Exercise prompt: Return exactly the lines of the records below, starting at the line that contains "z - norm (z" and ending at the line that contains "(simp add: infdist_cball_zero)", with both of those lines kept.

Records to use:
Content starts

lemma hmap_eq_at_hyperboloid_contact:
  fixes G :: "real^'n \<Rightarrow> real"
  assumes "0 < R" and "G differentiable (at x)" and "norm q \<noteq> R"
    and below: "\<And>x'. norm (x', G x') - norm ((x', G x') - q) \<le> R"
    and contact: "norm (x, G x) - norm ((x, G x) - q) = R"
  shows "hmap R G x = fst q"
proof -
  define p where "p = (x, G x)"
  let ?g = "grad G x" and ?n = "(grad G x, -1 :: real)"
  define \<rho> where "\<rho> = norm p"
  define \<delta> where "\<delta> = norm (p - q)"
  have \<rho>: "\<rho> = R + \<delta>" using contact by (simp add: \<rho>_def \<delta>_def p_def)
  have "p \<noteq> q" using contact \<open>norm q \<noteq> R\<close> by (auto simp: p_def)
  then have "0 < \<delta>" by (simp add: \<delta>_def)
  then have "0 < \<rho>" using \<rho> \<open>0 < R\<close> by simp
  then have "p \<noteq> 0" by (auto simp: \<rho>_def)
  obtain c where "sgn p - sgn (p - q) = c *\<^sub>R ?n"
    using graph_hyperboloid_contact_normal[OF has_derivative_grad[OF assms(2)] p_def \<open>p \<noteq> 0\<close> \<open>p \<noteq> q\<close>]
      below contact by (auto simp: p_def)
  then have sgn_pq: "sgn (p - q) = sgn p - c *\<^sub>R ?n" by (simp add: algebra_simps)
  have "?n \<noteq> 0" by (simp add: zero_prod_def)
  from hyperboloid_contact_reflection[OF \<open>0 < R\<close> \<open>norm q \<noteq> R\<close> _ this sgn_pq] contact
  have "c = 2 * (sgn p \<bullet> ?n) / (?n \<bullet> ?n)" by (simp add: p_def)
  moreover have "?n \<bullet> ?n = 1 + norm ?g ^ 2" by (simp add: power2_norm_eq_inner)
  moreover have "sgn p \<bullet> ?n = (x \<bullet> ?g - G x) / \<rho>"
    by (simp add: sgn_div_norm p_def \<rho>_def divide_inverse algebra_simps)
  ultimately have "c = 2 * ((x \<bullet> ?g - G x) / \<rho>) / (1 + norm ?g ^ 2)" by (simp only:)
  then have c: "\<rho> * c = 2 * (x \<bullet> ?g - G x) / (1 + norm ?g ^ 2)" using \<open>0 < \<rho>\<close> by simp
  have k: "- (\<rho> * c) = 2 * (G x - x \<bullet> ?g) / (1 + norm ?g ^ 2)"
    unfolding c minus_divide_left by simp
  have "q = p - \<delta> *\<^sub>R sgn (p - q)" using \<open>0 < \<delta>\<close> by (simp add: \<delta>_def sgn_div_norm)
  then have "fst q = x - \<delta> *\<^sub>R ((1 / \<rho>) *\<^sub>R x - c *\<^sub>R ?g)"
    unfolding sgn_pq by (simp add: sgn_div_norm p_def \<rho>_def divide_inverse)
  also have "\<dots> = x - (\<delta> / \<rho>) *\<^sub>R (x + (- (\<rho> * c)) *\<^sub>R ?g)"
    using \<open>0 < \<rho>\<close> by (simp add: algebra_simps)
  also have "\<dots> = hmap R G x"
  proof -
    have "sqrt (norm x ^ 2 + G x ^ 2) = \<rho>" by (simp add: \<rho>_def p_def norm_Pair)
    moreover have "\<rho> - R = \<delta>" using \<rho> by simp
    ultimately show ?thesis unfolding hmap_def k by simp
  qed
  finally show ?thesis by simp
qed

lemma equidistant_graph_hmap_x_f:
  fixes f G :: "real^'n \<Rightarrow> real"
  assumes adm: "admissible R f" and "0 < R" and "C2 G"
    and graph: "equidistant_set (cball 0 R) (epigraph f) = {(x, G x) | x. True}"
    and t: "t \<in> D_f R f"
  shows "y_f R f t = G (x_f R f t)" and "hmap R G (x_f R f t) = t"
proof -
  let ?E = "equidistant_set (cball 0 R) (epigraph f)" and ?q = "(t, f t)"
  define p where "p = (x_f R f t, y_f R f t)"
  have "p \<in> ?E" using x_f_y_f_mem_equidistant_set[OF adm \<open>0 < R\<close> t] by (simp add: p_def)
  then show y: "y_f R f t = G (x_f R f t)" using graph by (auto simp: p_def)
  have "?q \<in> epigraph f" by (simp add: epigraph_def)
  have below: "norm z - norm (z - ?q) \<le> R" if "z \<in> ?E" for z
  proof -
    have "norm z - R \<le> infdist z (cball 0 R)" using \<open>0 < R\<close> by (simp add: infdist_cball_zero)
    also have "\<dots> = infdist z (epigraph f)" using that by (simp add: equidistant_set_def)
    also have "\<dots> \<le> dist z ?q" using \<open>?q \<in> epigraph f\<close> by (rule infdist_le)
    finally show ?thesis by (simp add: dist_norm)
  qed
  have "convex_on UNIV f" and "C2 f" using adm by (auto simp: admissible_def)
  from infdist_epigraph_normal_ray[OF this(1) C2_has_derivative_grad[OF this(2)]
      less_imp_le[OF mu_f_pos[OF adm t]]]
  have "infdist p (epigraph f) = dist p ?q" by (simp add: p_def x_f_y_f_eq_normal_ray)
  moreover have "p \<noteq> ?q"
    using equidistant_set_disjoint_epigraph[OF adm \<open>0 < R\<close> \<open>p \<in> ?E\<close>] \<open>?q \<in> epigraph f\<close> by auto
  ultimately have "max 0 (norm p - R) = dist p ?q" and "0 < dist p ?q"
    using \<open>p \<in> ?E\<close> \<open>0 < R\<close> by (simp_all add: equidistant_set_def infdist_cball_zero)
  then have "norm p - norm (p - ?q) = R" by (simp add: dist_norm max_def split: if_splits)
  then show "hmap R G (x_f R f t) = t"
    using hmap_eq_at_hyperboloid_contact[OF \<open>0 < R\<close> _ _ below] graph y
      admissible_epigraph_norm_gt[OF adm \<open>?q \<in> epigraph f\<close>] \<open>C2 G\<close>
    by (auto simp: p_def C2_def)
qed

lemma equidistant_graph_D_f_eq_range_hmap:
  fixes f G :: "real^'n \<Rightarrow> real"
  assumes adm: "admissible R f" and "0 < R" and "C2 G"
    and graph: "equidistant_set (cball 0 R) (epigraph f) = {(x, G x) | x. True}"
  shows "D_f R f = range (hmap R G)"
proof (intro equalityI subsetI)
  note hmap_x_f = equidistant_graph_hmap_x_f(2)[OF assms]
  fix t assume "t \<in> range (hmap R G)"
  then obtain x where "t = hmap R G x" by blast
  moreover obtain s where "s \<in> D_f R f" and "(x, G x) = (x_f R f s, y_f R f s)"
    using graph equidistant_set_eq_image_x_f_y_f[OF adm \<open>0 < R\<close>] by blast
  ultimately show "t \<in> D_f R f" using hmap_x_f by simp
qed (metis equidistant_graph_hmap_x_f(2)[OF assms] rangeI)

theorem theorem12:
  fixes R :: real and G :: "real^'n \<Rightarrow> real" and J :: "(real^'n) set"
  assumes R: "R > 0"
    and G_C2: "C2 G"
    and G_pos: "\<forall>x. norm x ^ 2 + G x ^ 2 > 0"
    and h_bij: "bij_betw (hmap R G) UNIV J"
    and J_open: "open J" and J0: "0 \<in> J"
    and h_jac: "\<forall>x. \<exists>h'. (hmap R G has_derivative h') (at x) \<and> det (matrix h') \<noteq> 0"
  shows "(\<exists>f. admissible R f \<and>
            equidistant_set (cball 0 R) (epigraph f) = {(x, G x) | x. True})
     \<longleftrightarrow> (\<exists>f. admissible R f \<and> D_f R f = J \<and>
            (\<forall>t\<in>J. x_f R f t = inv (hmap R G) t \<and> y_f R f t = G (inv (hmap R G) t)))"
proof -
  let ?h = "hmap R G"
  have inj: "inj ?h" and J: "J = range ?h" using h_bij by (auto simp: bij_betw_def)
  show ?thesis
  proof
    assume "\<exists>f. admissible R f \<and> equidistant_set (cball 0 R) (epigraph f) = {(x, G x) | x. True}"
    then obtain f where adm: "admissible R f"
      and graph: "equidistant_set (cball 0 R) (epigraph f) = {(x, G x) | x. True}" by blast
    note on_graph = equidistant_graph_hmap_x_f[OF adm R G_C2 graph]
    have "D_f R f = J" using equidistant_graph_D_f_eq_range_hmap[OF adm R G_C2 graph] J by simp
    moreover have "x_f R f t = inv ?h t" if "t \<in> J" for t
      using on_graph(2) inv_f_f[OF inj] that \<open>D_f R f = J\<close> by metis
    ultimately show "\<exists>f. admissible R f \<and> D_f R f = J \<and>
        (\<forall>t\<in>J. x_f R f t = inv ?h t \<and> y_f R f t = G (inv ?h t))"
      using adm on_graph(1) by auto
  next
    assume "\<exists>f. admissible R f \<and> D_f R f = J \<and>
        (\<forall>t\<in>J. x_f R f t = inv ?h t \<and> y_f R f t = G (inv ?h t))"
    then obtain f where adm: "admissible R f" and D: "D_f R f = J"
      and param: "\<forall>t\<in>J. x_f R f t = inv ?h t \<and> y_f R f t = G (inv ?h t)" by blast
    have "equidistant_set (cball 0 R) (epigraph f) = (\<lambda>x. (x, G x)) ` (inv ?h ` J)"
      using param by (auto simp: equidistant_set_eq_image_x_f_y_f[OF adm R] D image_iff)
    also have "inv ?h ` J = UNIV"
      using bij_betw_imp_surj_on[OF bij_betw_inv_into[OF h_bij]] by simp
    finally show "\<exists>f. admissible R f \<and>
        equidistant_set (cball 0 R) (epigraph f) = {(x, G x) | x. True}"
      using adm by auto
  qed
qed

Content ends

Task result:
  have below: "norm z - norm (z - ?q) \<le> R" if "z \<in> ?E" for z
  proof -
    have "norm z - R \<le> infdist z (cball 0 R)" using \<open>0 < R\<close> by (simp add: infdist_cball_zero)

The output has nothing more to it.